Le fait que l'enquête soit réalisée par un groupe de chercheurs basés en Russie rend sa lecture passionnante. Celui-ci égrène de multiples preuves diverses sur les méthodes et les tendances, en terme de malwares par exemple, qui montrent que la Russie est un pôle important du cybercrime. Mais les chiffres bruts sont rarement mis au crédit de son mode de fonctionnement ou de son business modèle. Alors, pourquoi la Russie est-elle devenue un pays aussi important pour la cybercriminalité ? Au-delà de l'explication traditionnelle qui invoque la recrudescence de programmeurs russes mal payés, Group-IB soulève pour sa part le problème du contrôle et des lois du pays.

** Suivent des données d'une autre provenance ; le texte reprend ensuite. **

lemma onorm_sum_inner_scaleR_le:
  fixes a :: "nat \<Rightarrow> 'a::{real_inner, perfect_space}" and b :: "nat \<Rightarrow> 'b::real_normed_vector"
  shows "onorm (\<lambda>v. \<Sum>j<k. (a j \<bullet> v) *\<^sub>R b j) \<le> (\<Sum>j<k. norm (a j) * norm (b j))"
proof (rule onorm_le)
  fix v
  have "norm (\<Sum>j<k. (a j \<bullet> v) *\<^sub>R b j) \<le> (\<Sum>j<k. \<bar>a j \<bullet> v\<bar> * norm (b j))"
    using norm_sum[of "\<lambda>j. (a j \<bullet> v) *\<^sub>R b j" "{..<k}"] by simp
  also have "\<dots> \<le> (\<Sum>j<k. norm (a j) * norm v * norm (b j))"
    by (intro sum_mono mult_right_mono Cauchy_Schwarz_ineq2 norm_ge_zero)
  also have "\<dots> = (\<Sum>j<k. norm (a j) * norm (b j)) * norm v"
    by (subst sum_distrib_right) (simp add: ac_simps)
  finally show "norm (\<Sum>j<k. (a j \<bullet> v) *\<^sub>R b j) \<le> (\<Sum>j<k. norm (a j) * norm (b j)) * norm v" .
qed

lemma continuous_onorm_sum_inner_scaleR:
  fixes G :: "nat \<Rightarrow> 'c::metric_space \<Rightarrow> 'a::{real_inner, perfect_space}"
    and b :: "nat \<Rightarrow> 'b::real_normed_vector"
  assumes "\<And>j. j < k \<Longrightarrow> continuous_on UNIV (G j)" and "e > 0"
  shows "\<exists>d>0. \<forall>x. dist w x < d \<longrightarrow>
           onorm (\<lambda>v. (\<Sum>j<k. (G j x \<bullet> v) *\<^sub>R b j) - (\<Sum>j<k. (G j w \<bullet> v) *\<^sub>R b j)) < e"
proof -
  define D where "D x = (\<Sum>j<k. norm (G j x - G j w) * norm (b j))" for x
  have "continuous_on UNIV D" unfolding D_def using assms(1) by (intro continuous_intros) auto
  moreover have "D w = 0" unfolding D_def by simp
  ultimately obtain d where d: "d > 0" "\<And>x. dist x w < d \<Longrightarrow> D x < e"
    using \<open>e > 0\<close> unfolding continuous_on_iff by (metis UNIV_I dist_real_def diff_zero abs_less_iff)
  have bound: "onorm (\<lambda>v. (\<Sum>j<k. (G j x \<bullet> v) *\<^sub>R b j) - (\<Sum>j<k. (G j w \<bullet> v) *\<^sub>R b j)) \<le> D x" for x
    using onorm_sum_inner_scaleR_le[where a = "\<lambda>j. G j x - G j w" and b = b and k = k]
    unfolding D_def by (simp add: inner_diff_left scaleR_diff_left sum_subtractf)
  have "onorm (\<lambda>v. (\<Sum>j<k. (G j x \<bullet> v) *\<^sub>R b j) - (\<Sum>j<k. (G j w \<bullet> v) *\<^sub>R b j)) < e"
    if "dist w x < d" for x
    using bound[of x] d(2)[of x] that by (simp add: dist_commute)
  then show ?thesis using d(1) by blast
qed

Les chercheurs exposent ainsi l'histoire de Yevgeniy Anikin et Viktor Pleschuk, deux membres du gang qui ont subtilisé 10 millions de dollars en détournant les distributeurs de billets WorldPay ATM de la Royal Bank of Scotland en 2008. Ceux-ci ont été condamnés à des peines avec sursis par les tribunaux russes. « Ces failles dans les lois russes, le manque de sanctions sévères, une constance dans l'application de la loi et le manque de mesures pour lutter contre la criminalité numérique, font que les cybercriminels ne sont majoritairement pas tenus responsables des crimes qu'ils commettent », font remarquer les chercheurs. Selon Ilya Sachkov, le PDG de Group-IB, « chaque année, le marché de la cybercriminalité en provenance de Russie coûte des milliards de dollars à l'économie mondiale ».